Restate each of the lines given below, word for word.
☆ ☆ ☆ ☆
(* Let $(A,B)$ be a finite-dimensional associative superalgebra over an algebraically closed field $\mathbb{K}$ of characteristic zero endowed with a homogeneous symmetric structure $B$. Then $A$ is an orthogonal (with respect to $B$) direct sum of $B$-irreducible graded two-sided ideals.
   Context: A superalgebra is $\mathbb{Z}_2$-graded, $A=A_{\bar 0}\oplus A_{\bar 1}$, $A_\alpha A_\beta\subseteq A_{\alpha+\beta}$. A homogeneous symmetric structure on $A$ is a bilinear form $B$ which is either even ($B(A_{\bar 0},A_{\bar 1})=0$) or odd ($B(A_{\bar 0},A_{\bar 0})=B(A_{\bar 1},A_{\bar 1})=0$), and is supersymmetric ($B(x,y)=(-1)^{|x||y|}B(y,x)$ for homogeneous $x,y$), associative ($B(xy,z)=B(x,yz)$) and non-degenerate. A graded two-sided ideal $I$ of $A$ is non-degenerate if $B|_{I\times I}$ is non-degenerate, and it is $B$-irreducible if it is non-degenerate and contains no non-degenerate graded two-sided ideal of $A$ other than $\{0\}$ and $I$. *)

theory Defs
  imports "HOL-Computational_Algebra.Polynomial"
begin

definition fin_dim_assoc_superalgebra ::
  "('k::field \<Rightarrow> 'v::ab_group_add \<Rightarrow> 'v) \<Rightarrow> ('v \<Rightarrow> 'v \<Rightarrow> 'v) \<Rightarrow> 'v set \<Rightarrow> 'v set \<Rightarrow> bool" where
  "fin_dim_assoc_superalgebra sc mul A0 A1 \<longleftrightarrow>
     vector_space sc \<and>
     (\<exists>Basis. finite_dimensional_vector_space sc Basis) \<and>
     (\<forall>x. Vector_Spaces.linear sc sc (mul x)) \<and>
     (\<forall>y. Vector_Spaces.linear sc sc (\<lambda>x. mul x y)) \<and>
     (\<forall>x y z. mul (mul x y) z = mul x (mul y z)) \<and>
     module.subspace sc A0 \<and> module.subspace sc A1 \<and>
     A0 \<inter> A1 = {0} \<and> (\<forall>v. \<exists>a\<in>A0. \<exists>b\<in>A1. v = a + b) \<and>
     (\<forall>x\<in>A0. \<forall>y\<in>A0. mul x y \<in> A0) \<and>
     (\<forall>x\<in>A0. \<forall>y\<in>A1. mul x y \<in> A1) \<and>
     (\<forall>x\<in>A1. \<forall>y\<in>A0. mul x y \<in> A1) \<and>
     (\<forall>x\<in>A1. \<forall>y\<in>A1. mul x y \<in> A0)"

definition bilinear_form :: "('k::field \<Rightarrow> 'v::ab_group_add \<Rightarrow> 'v) \<Rightarrow> ('v \<Rightarrow> 'v \<Rightarrow> 'k) \<Rightarrow> bool" where
  "bilinear_form sc B \<longleftrightarrow>
     (\<forall>x. Vector_Spaces.linear sc (*) (B x)) \<and> (\<forall>y. Vector_Spaces.linear sc (*) (\<lambda>x. B x y))"

definition nondeg_on :: "('v::zero \<Rightarrow> 'v \<Rightarrow> 'k::zero) \<Rightarrow> 'v set \<Rightarrow> bool" where
  "nondeg_on B I \<longleftrightarrow> (\<forall>x\<in>I. (\<forall>y\<in>I. B x y = 0) \<longrightarrow> x = 0)"

definition homogeneous_symmetric_structure ::
  "('k::field \<Rightarrow> 'v::ab_group_add \<Rightarrow> 'v) \<Rightarrow> ('v \<Rightarrow> 'v \<Rightarrow> 'v) \<Rightarrow> 'v set \<Rightarrow> 'v set
     \<Rightarrow> ('v \<Rightarrow> 'v \<Rightarrow> 'k) \<Rightarrow> bool" where
  "homogeneous_symmetric_structure sc mul A0 A1 B \<longleftrightarrow>
     bilinear_form sc B \<and>
     ((\<forall>x\<in>A0. \<forall>y\<in>A1. B x y = 0) \<or>
      ((\<forall>x\<in>A0. \<forall>y\<in>A0. B x y = 0) \<and> (\<forall>x\<in>A1. \<forall>y\<in>A1. B x y = 0))) \<and>
     (\<forall>x\<in>A0. \<forall>y\<in>A0. B x y = B y x) \<and>
     (\<forall>x\<in>A0. \<forall>y\<in>A1. B x y = B y x) \<and>
     (\<forall>x\<in>A1. \<forall>y\<in>A0. B x y = B y x) \<and>
     (\<forall>x\<in>A1. \<forall>y\<in>A1. B x y = - B y x) \<and>
     (\<forall>x y z. B (mul x y) z = B x (mul y z)) \<and>
     nondeg_on B UNIV"

definition graded_ideal ::
  "('k::field \<Rightarrow> 'v::ab_group_add \<Rightarrow> 'v) \<Rightarrow> ('v \<Rightarrow> 'v \<Rightarrow> 'v) \<Rightarrow> 'v set \<Rightarrow> 'v set \<Rightarrow> 'v set \<Rightarrow> bool" where
  "graded_ideal sc mul A0 A1 I \<longleftrightarrow>
     module.subspace sc I \<and>
     (\<forall>x\<in>I. \<exists>a\<in>I \<inter> A0. \<exists>b\<in>I \<inter> A1. x = a + b) \<and>
     (\<forall>a x. x \<in> I \<longrightarrow> mul a x \<in> I \<and> mul x a \<in> I)"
☆ ☆ ☆ ☆
# [FINAL ANSWER]
(* Let $(A,B)$ be a finite-dimensional associative superalgebra over an algebraically closed field $\mathbb{K}$ of characteristic zero endowed with a homogeneous symmetric structure $B$. Then $A$ is an orthogonal (with respect to $B$) direct sum of $B$-irreducible graded two-sided ideals.
   Context: A superalgebra is $\mathbb{Z}_2$-graded, $A=A_{\bar 0}\oplus A_{\bar 1}$, $A_\alpha A_\beta\subseteq A_{\alpha+\beta}$. A homogeneous symmetric structure on $A$ is a bilinear form $B$ which is either even ($B(A_{\bar 0},A_{\bar 1})=0$) or odd ($B(A_{\bar 0},A_{\bar 0})=B(A_{\bar 1},A_{\bar 1})=0$), and is supersymmetric ($B(x,y)=(-1)^{|x||y|}B(y,x)$ for homogeneous $x,y$), associative ($B(xy,z)=B(x,yz)$) and non-degenerate. A graded two-sided ideal $I$ of $A$ is non-degenerate if $B|_{I\times I}$ is non-degenerate, and it is $B$-irreducible if it is non-degenerate and contains no non-degenerate graded two-sided ideal of $A$ other than $\{0\}$ and $I$. *)

theory Defs
  imports "HOL-Computational_Algebra.Polynomial"
begin

definition fin_dim_assoc_superalgebra ::
  "('k::field \<Rightarrow> 'v::ab_group_add \<Rightarrow> 'v) \<Rightarrow> ('v \<Rightarrow> 'v \<Rightarrow> 'v) \<Rightarrow> 'v set \<Rightarrow> 'v set \<Rightarrow> bool" where
  "fin_dim_assoc_superalgebra sc mul A0 A1 \<longleftrightarrow>
     vector_space sc \<and>
     (\<exists>Basis. finite_dimensional_vector_space sc Basis) \<and>
     (\<forall>x. Vector_Spaces.linear sc sc (mul x)) \<and>
     (\<forall>y. Vector_Spaces.linear sc sc (\<lambda>x. mul x y)) \<and>
     (\<forall>x y z. mul (mul x y) z = mul x (mul y z)) \<and>
     module.subspace sc A0 \<and> module.subspace sc A1 \<and>
     A0 \<inter> A1 = {0} \<and> (\<forall>v. \<exists>a\<in>A0. \<exists>b\<in>A1. v = a + b) \<and>
     (\<forall>x\<in>A0. \<forall>y\<in>A0. mul x y \<in> A0) \<and>
     (\<forall>x\<in>A0. \<forall>y\<in>A1. mul x y \<in> A1) \<and>
     (\<forall>x\<in>A1. \<forall>y\<in>A0. mul x y \<in> A1) \<and>
     (\<forall>x\<in>A1. \<forall>y\<in>A1. mul x y \<in> A0)"

definition bilinear_form :: "('k::field \<Rightarrow> 'v::ab_group_add \<Rightarrow> 'v) \<Rightarrow> ('v \<Rightarrow> 'v \<Rightarrow> 'k) \<Rightarrow> bool" where
  "bilinear_form sc B \<longleftrightarrow>
     (\<forall>x. Vector_Spaces.linear sc (*) (B x)) \<and> (\<forall>y. Vector_Spaces.linear sc (*) (\<lambda>x. B x y))"

definition nondeg_on :: "('v::zero \<Rightarrow> 'v \<Rightarrow> 'k::zero) \<Rightarrow> 'v set \<Rightarrow> bool" where
  "nondeg_on B I \<longleftrightarrow> (\<forall>x\<in>I. (\<forall>y\<in>I. B x y = 0) \<longrightarrow> x = 0)"

definition homogeneous_symmetric_structure ::
  "('k::field \<Rightarrow> 'v::ab_group_add \<Rightarrow> 'v) \<Rightarrow> ('v \<Rightarrow> 'v \<Rightarrow> 'v) \<Rightarrow> 'v set \<Rightarrow> 'v set
     \<Rightarrow> ('v \<Rightarrow> 'v \<Rightarrow> 'k) \<Rightarrow> bool" where
  "homogeneous_symmetric_structure sc mul A0 A1 B \<longleftrightarrow>
     bilinear_form sc B \<and>
     ((\<forall>x\<in>A0. \<forall>y\<in>A1. B x y = 0) \<or>
      ((\<forall>x\<in>A0. \<forall>y\<in>A0. B x y = 0) \<and> (\<forall>x\<in>A1. \<forall>y\<in>A1. B x y = 0))) \<and>
     (\<forall>x\<in>A0. \<forall>y\<in>A0. B x y = B y x) \<and>
     (\<forall>x\<in>A0. \<forall>y\<in>A1. B x y = B y x) \<and>
     (\<forall>x\<in>A1. \<forall>y\<in>A0. B x y = B y x) \<and>
     (\<forall>x\<in>A1. \<forall>y\<in>A1. B x y = - B y x) \<and>
     (\<forall>x y z. B (mul x y) z = B x (mul y z)) \<and>
     nondeg_on B UNIV"

definition graded_ideal ::
  "('k::field \<Rightarrow> 'v::ab_group_add \<Rightarrow> 'v) \<Rightarrow> ('v \<Rightarrow> 'v \<Rightarrow> 'v) \<Rightarrow> 'v set \<Rightarrow> 'v set \<Rightarrow> 'v set \<Rightarrow> bool" where
  "graded_ideal sc mul A0 A1 I \<longleftrightarrow>
     module.subspace sc I \<and>
     (\<forall>x\<in>I. \<exists>a\<in>I \<inter> A0. \<exists>b\<in>I \<inter> A1. x = a + b) \<and>
     (\<forall>a x. x \<in> I \<longrightarrow> mul a x \<in> I \<and> mul x a \<in> I)"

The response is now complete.